(Supplied records)
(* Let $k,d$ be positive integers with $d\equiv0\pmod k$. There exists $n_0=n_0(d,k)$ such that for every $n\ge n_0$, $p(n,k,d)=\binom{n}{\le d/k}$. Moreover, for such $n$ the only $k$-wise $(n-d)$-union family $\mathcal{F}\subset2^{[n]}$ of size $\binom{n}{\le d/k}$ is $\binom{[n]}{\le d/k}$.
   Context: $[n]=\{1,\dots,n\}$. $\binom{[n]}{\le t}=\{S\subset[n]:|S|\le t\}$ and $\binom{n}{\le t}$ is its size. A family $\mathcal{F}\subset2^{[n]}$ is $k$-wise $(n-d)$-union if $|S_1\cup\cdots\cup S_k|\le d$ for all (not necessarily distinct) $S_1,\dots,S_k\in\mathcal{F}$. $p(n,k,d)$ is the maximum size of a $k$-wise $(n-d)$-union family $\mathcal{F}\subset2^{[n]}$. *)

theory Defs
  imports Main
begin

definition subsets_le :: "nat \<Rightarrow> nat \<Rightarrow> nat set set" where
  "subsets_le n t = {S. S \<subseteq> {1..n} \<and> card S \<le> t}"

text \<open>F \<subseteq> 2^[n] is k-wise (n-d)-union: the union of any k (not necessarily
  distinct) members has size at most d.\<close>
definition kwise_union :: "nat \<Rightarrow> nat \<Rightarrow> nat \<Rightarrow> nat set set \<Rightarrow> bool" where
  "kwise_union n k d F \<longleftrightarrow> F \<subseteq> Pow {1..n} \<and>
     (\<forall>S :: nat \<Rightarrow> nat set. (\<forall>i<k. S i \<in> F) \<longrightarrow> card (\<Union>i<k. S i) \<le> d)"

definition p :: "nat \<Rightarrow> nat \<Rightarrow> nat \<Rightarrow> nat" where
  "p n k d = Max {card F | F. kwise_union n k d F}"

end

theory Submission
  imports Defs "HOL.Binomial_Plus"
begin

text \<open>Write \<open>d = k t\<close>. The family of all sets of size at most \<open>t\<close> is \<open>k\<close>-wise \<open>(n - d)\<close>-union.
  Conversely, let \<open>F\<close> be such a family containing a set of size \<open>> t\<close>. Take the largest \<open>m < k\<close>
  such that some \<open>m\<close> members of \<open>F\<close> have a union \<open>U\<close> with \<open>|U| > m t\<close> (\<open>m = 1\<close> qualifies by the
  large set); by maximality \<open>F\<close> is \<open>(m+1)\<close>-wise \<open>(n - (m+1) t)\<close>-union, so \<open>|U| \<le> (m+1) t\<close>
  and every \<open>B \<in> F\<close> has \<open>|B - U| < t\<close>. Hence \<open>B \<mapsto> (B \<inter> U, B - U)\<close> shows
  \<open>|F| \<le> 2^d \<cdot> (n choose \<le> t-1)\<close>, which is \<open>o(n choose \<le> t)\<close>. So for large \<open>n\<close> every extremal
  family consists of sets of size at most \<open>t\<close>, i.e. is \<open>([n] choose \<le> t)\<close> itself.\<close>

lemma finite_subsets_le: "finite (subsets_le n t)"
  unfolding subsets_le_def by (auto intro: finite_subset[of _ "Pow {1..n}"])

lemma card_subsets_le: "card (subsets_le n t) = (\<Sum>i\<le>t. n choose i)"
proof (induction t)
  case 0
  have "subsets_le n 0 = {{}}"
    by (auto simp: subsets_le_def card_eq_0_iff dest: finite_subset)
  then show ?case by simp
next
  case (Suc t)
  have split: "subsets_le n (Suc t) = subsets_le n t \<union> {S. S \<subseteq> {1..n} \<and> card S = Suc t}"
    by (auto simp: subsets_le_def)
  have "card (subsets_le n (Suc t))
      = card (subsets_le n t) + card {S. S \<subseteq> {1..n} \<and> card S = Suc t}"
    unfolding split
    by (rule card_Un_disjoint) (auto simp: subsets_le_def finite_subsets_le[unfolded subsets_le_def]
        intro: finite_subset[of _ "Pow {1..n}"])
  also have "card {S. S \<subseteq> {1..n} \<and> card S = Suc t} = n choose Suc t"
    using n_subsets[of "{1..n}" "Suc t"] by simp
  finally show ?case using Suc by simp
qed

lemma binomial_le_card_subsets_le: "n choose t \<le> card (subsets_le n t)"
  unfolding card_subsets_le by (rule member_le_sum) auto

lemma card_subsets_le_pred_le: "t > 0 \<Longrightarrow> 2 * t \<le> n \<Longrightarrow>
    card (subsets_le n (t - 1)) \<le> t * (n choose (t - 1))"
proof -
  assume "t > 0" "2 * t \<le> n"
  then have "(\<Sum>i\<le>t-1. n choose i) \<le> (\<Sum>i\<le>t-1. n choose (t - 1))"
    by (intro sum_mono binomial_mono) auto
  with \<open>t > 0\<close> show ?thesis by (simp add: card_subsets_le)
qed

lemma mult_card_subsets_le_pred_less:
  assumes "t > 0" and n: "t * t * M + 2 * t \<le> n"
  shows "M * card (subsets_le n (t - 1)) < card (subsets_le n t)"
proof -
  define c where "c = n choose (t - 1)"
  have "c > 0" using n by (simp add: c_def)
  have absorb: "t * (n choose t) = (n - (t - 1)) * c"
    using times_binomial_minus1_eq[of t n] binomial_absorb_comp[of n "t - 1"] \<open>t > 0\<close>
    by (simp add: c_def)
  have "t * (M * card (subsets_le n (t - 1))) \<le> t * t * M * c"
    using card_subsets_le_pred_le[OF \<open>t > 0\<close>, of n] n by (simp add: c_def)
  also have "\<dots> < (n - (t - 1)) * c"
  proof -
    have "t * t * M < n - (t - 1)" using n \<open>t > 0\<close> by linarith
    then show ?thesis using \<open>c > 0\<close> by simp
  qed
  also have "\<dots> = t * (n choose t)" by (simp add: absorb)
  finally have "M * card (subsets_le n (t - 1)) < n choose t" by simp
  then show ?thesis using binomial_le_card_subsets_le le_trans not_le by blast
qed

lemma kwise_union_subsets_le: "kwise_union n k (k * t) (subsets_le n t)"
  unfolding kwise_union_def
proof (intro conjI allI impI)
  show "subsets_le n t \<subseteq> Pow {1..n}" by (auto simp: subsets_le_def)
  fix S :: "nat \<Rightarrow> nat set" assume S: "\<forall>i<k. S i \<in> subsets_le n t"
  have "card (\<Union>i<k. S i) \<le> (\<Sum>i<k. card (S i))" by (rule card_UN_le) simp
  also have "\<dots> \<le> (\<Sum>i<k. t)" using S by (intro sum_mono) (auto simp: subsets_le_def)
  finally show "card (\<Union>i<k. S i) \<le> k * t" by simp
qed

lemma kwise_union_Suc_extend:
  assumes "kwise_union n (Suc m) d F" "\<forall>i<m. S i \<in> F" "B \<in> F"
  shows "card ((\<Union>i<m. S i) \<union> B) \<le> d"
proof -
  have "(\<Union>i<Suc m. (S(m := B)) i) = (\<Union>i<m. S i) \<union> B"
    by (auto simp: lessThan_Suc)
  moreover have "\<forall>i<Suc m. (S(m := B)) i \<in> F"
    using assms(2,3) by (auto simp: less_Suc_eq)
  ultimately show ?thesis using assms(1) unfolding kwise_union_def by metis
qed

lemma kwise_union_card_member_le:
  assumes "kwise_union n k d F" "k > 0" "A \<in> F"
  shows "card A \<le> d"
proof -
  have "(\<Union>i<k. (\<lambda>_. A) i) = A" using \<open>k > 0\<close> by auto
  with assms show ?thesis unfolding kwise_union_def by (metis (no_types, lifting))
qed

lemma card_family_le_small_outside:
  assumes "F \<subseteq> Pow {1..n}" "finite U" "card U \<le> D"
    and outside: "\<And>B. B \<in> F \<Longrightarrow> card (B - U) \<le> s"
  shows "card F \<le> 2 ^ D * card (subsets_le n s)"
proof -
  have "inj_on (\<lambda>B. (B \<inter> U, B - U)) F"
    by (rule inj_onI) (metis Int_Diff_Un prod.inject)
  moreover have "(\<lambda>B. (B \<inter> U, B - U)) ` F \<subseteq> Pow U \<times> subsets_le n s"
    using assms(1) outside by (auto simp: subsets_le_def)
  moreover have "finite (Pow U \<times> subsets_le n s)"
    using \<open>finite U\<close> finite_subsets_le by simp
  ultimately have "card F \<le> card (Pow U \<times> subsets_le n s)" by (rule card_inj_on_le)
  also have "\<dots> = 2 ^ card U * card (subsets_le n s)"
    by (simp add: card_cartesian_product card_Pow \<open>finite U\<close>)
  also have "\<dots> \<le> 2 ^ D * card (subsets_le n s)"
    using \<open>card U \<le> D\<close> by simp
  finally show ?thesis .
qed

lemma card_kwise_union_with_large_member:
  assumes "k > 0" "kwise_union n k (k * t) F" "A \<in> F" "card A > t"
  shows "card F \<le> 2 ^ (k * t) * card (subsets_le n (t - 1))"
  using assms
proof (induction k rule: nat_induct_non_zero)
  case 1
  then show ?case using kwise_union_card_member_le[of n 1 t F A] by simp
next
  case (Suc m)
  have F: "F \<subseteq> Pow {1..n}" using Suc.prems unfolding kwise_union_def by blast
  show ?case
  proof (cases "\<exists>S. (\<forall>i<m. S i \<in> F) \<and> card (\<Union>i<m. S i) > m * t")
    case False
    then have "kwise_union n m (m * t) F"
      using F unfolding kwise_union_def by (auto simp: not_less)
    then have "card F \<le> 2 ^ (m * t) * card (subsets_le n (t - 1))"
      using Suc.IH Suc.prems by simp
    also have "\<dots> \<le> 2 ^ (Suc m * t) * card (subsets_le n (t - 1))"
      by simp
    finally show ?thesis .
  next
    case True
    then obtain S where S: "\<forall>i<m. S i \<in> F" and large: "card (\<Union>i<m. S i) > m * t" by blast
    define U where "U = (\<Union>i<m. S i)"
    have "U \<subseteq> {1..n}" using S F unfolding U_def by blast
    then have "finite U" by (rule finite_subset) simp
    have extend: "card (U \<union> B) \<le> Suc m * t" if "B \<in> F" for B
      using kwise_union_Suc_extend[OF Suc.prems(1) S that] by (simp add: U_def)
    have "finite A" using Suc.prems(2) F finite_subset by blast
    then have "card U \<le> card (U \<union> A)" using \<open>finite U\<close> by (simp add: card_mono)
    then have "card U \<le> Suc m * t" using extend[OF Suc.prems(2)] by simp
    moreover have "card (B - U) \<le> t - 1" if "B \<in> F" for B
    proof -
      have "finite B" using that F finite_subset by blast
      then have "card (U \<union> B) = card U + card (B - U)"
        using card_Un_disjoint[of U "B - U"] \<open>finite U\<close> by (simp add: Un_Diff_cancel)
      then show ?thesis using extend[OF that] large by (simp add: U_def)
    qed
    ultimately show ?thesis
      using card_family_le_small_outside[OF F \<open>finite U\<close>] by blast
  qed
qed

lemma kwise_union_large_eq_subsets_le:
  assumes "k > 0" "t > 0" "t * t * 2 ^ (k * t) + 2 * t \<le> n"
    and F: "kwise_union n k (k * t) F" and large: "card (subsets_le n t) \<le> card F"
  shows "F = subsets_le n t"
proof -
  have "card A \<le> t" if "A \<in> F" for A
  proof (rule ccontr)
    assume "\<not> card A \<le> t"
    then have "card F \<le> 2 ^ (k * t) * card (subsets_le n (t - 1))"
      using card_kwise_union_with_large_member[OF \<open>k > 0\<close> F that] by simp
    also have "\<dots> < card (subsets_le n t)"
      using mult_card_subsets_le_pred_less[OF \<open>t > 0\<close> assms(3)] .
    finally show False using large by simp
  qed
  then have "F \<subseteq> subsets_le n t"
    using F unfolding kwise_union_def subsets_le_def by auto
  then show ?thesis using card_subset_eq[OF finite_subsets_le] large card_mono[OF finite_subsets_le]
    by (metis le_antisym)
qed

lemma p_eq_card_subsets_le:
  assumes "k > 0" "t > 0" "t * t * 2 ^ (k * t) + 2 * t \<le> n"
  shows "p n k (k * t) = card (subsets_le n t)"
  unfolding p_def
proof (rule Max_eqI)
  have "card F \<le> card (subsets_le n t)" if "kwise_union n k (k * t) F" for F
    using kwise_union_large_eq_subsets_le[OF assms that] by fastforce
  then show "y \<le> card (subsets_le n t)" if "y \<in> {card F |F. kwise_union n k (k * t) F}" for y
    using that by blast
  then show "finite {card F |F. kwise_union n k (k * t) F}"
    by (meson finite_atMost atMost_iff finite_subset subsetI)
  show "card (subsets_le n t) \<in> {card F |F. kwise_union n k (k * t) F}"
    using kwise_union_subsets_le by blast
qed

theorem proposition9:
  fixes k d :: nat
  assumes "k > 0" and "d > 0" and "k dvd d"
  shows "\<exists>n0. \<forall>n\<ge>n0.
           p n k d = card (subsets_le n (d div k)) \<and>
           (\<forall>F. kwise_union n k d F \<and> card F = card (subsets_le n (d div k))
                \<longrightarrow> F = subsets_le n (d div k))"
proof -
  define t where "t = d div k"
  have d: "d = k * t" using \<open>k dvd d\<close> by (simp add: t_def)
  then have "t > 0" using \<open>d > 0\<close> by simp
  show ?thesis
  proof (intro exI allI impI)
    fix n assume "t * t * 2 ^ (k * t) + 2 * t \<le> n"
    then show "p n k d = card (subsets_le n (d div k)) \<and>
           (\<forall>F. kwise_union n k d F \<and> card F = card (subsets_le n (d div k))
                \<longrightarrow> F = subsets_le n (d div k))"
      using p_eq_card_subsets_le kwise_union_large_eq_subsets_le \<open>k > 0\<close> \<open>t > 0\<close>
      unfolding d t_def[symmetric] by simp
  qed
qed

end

(Exercise prompt)
The first line of the listing above through the line containing "set set \<Rightarrow>": print exactly that, both ends included.

(Expected answer)
(* Let $k,d$ be positive integers with $d\equiv0\pmod k$. There exists $n_0=n_0(d,k)$ such that for every $n\ge n_0$, $p(n,k,d)=\binom{n}{\le d/k}$. Moreover, for such $n$ the only $k$-wise $(n-d)$-union family $\mathcal{F}\subset2^{[n]}$ of size $\binom{n}{\le d/k}$ is $\binom{[n]}{\le d/k}$.
   Context: $[n]=\{1,\dots,n\}$. $\binom{[n]}{\le t}=\{S\subset[n]:|S|\le t\}$ and $\binom{n}{\le t}$ is its size. A family $\mathcal{F}\subset2^{[n]}$ is $k$-wise $(n-d)$-union if $|S_1\cup\cdots\cup S_k|\le d$ for all (not necessarily distinct) $S_1,\dots,S_k\in\mathcal{F}$. $p(n,k,d)$ is the maximum size of a $k$-wise $(n-d)$-union family $\mathcal{F}\subset2^{[n]}$. *)

theory Defs
  imports Main
begin

definition subsets_le :: "nat \<Rightarrow> nat \<Rightarrow> nat set set" where
  "subsets_le n t = {S. S \<subseteq> {1..n} \<and> card S \<le> t}"

text \<open>F \<subseteq> 2^[n] is k-wise (n-d)-union: the union of any k (not necessarily
  distinct) members has size at most d.\<close>
definition kwise_union :: "nat \<Rightarrow> nat \<Rightarrow> nat \<Rightarrow> nat set set \<Rightarrow> bool" where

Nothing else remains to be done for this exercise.